lemma xtilde_mult_xtilde:
  "xtilde n x z * xtilde n x z' = of_real (2 powr (- real n) * (-1) ^ (bdot n x z + bdot n x z'))"
proof -
  have "2 powr (- real n / 2) * 2 powr (- real n / 2) = (2::real) powr (- real n)"
    by (simp add: powr_add [symmetric])
  then show ?thesis
    unfolding xtilde_def by (simp add: power_add algebra_simps flip: of_real_mult)
qed

lemma cmod_xtilde_squared: "(cmod (xtilde n x z))\<^sup>2 = 2 powr (- real n)"
proof -
  have "(cmod (xtilde n x z))\<^sup>2 = (2 powr (- real n / 2))\<^sup>2"
    by (simp add: xtilde_def norm_mult power_mult_distrib norm_power)
  also have "\<dots> = 2 powr (- real n)"
    by (simp add: power2_eq_square powr_add [symmetric])
  finally show ?thesis .
qed

lemma xtilde_orthonormal:
  assumes "z \<in> A_idx n" "z' \<in> A_idx n"
  shows "(\<Sum>x\<in>A_idx n. xtilde n x z * xtilde n x z') = (if z = z' then 1 else 0)"
proof -
  have "(\<Sum>x\<in>A_idx n. xtilde n x z * xtilde n x z')
      = of_real (2 powr (- real n) * (\<Sum>x<2 ^ n. (-1::real) ^ (bdot n x z + bdot n x z')))"
    by (simp add: xtilde_mult_xtilde A_idx_def sum_distrib_left)
  also have "\<dots> = (if z = z' then 1 else 0)"
    using assms by (simp add: walsh_orthogonality A_idx_def powr_minus powr_realpow)
  finally show ?thesis .
qed

definition hadamard :: "nat \<Rightarrow> (nat \<Rightarrow> 'b \<Rightarrow> 'e \<Rightarrow> complex) \<Rightarrow> nat \<Rightarrow> 'b \<Rightarrow> 'e \<Rightarrow> complex" where
  "hadamard n \<psi> x a e = (\<Sum>z\<in>A_idx n. xtilde n x z * \<psi> z a e)"

lemma hadamard_inversion:
  assumes "z \<in> A_idx n"
  shows "(\<Sum>x\<in>A_idx n. xtilde n x z * hadamard n \<psi> x a e) = \<psi> z a e"
proof -
  have "(\<Sum>x\<in>A_idx n. xtilde n x z * hadamard n \<psi> x a e)
      = (\<Sum>z'\<in>A_idx n. (\<Sum>x\<in>A_idx n. xtilde n x z * xtilde n x z') * \<psi> z' a e)"
    unfolding hadamard_def sum_distrib_left
    by (subst sum.swap) (simp add: sum_distrib_right mult.assoc)
  also have "\<dots> = (\<Sum>z'\<in>A_idx n. if z = z' then \<psi> z' a e else 0)"
    using assms by (intro sum.cong) (auto simp: xtilde_orthonormal)
  also have "\<dots> = \<psi> z a e"
    using assms by (simp add: A_idx_def)
  finally show ?thesis .
qed

subsection \<open>Quadratic forms and Gram kernels\<close>

definition qform :: "'i set \<Rightarrow> ('i \<Rightarrow> 'i \<Rightarrow> complex) \<Rightarrow> ('i \<Rightarrow> complex) \<Rightarrow> complex" where
  "qform I M v = (\<Sum>i\<in>I. \<Sum>j\<in>I. cnj (v i) * M i j * v j)"

text \<open>gram K f is the partial trace Tr_K |f><f| of a vector f of the bipartite system K \<otimes> I.\<close>

definition gram :: "'k set \<Rightarrow> ('k \<Rightarrow> 'i \<Rightarrow> complex) \<Rightarrow> 'i \<Rightarrow> 'i \<Rightarrow> complex" where
  "gram K f i j = (\<Sum>k\<in>K. f k i * cnj (f k j))"

definition gram_form :: "'k set \<Rightarrow> 'i set \<Rightarrow> ('k \<Rightarrow> 'i \<Rightarrow> complex) \<Rightarrow> ('i \<Rightarrow> complex) \<Rightarrow> real" where
  "gram_form K I f v = (\<Sum>k\<in>K. (cmod (\<Sum>i\<in>I. cnj (v i) * f k i))\<^sup>2)"

lemma psd_on_iff_qform: "psd_on I M \<longleftrightarrow> (\<forall>v. Im (qform I M v) = 0 \<and> 0 \<le> Re (qform I M v))"
  by (simp add: psd_on_def qform_def)

lemma qform_diff: "qform I (\<lambda>i j. A i j - B i j) v = qform I A v - qform I B v"
  by (simp add: qform_def algebra_simps sum_subtractf)

lemma qform_scale: "qform I (\<lambda>i j. c * A i j) v = c * qform I A v"
  by (simp add: qform_def sum_distrib_left mult_ac)

lemma qform_sum: "qform I (\<lambda>i j. \<Sum>x\<in>X. A x i j) v = (\<Sum>x\<in>X. qform I (A x) v)"
  unfolding qform_def sum_distrib_left sum_distrib_right
  by (subst (2) sum.swap, subst sum.swap) (simp add: mult_ac)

==============================

→ What the exercise asks
The expected answer is a copy of each line in the records that holds the word "unfolding".

→ Written reply
    unfolding xtilde_def by (simp add: power_add algebra_simps flip: of_real_mult)
    unfolding hadamard_def sum_distrib_left
  unfolding qform_def sum_distrib_left sum_distrib_right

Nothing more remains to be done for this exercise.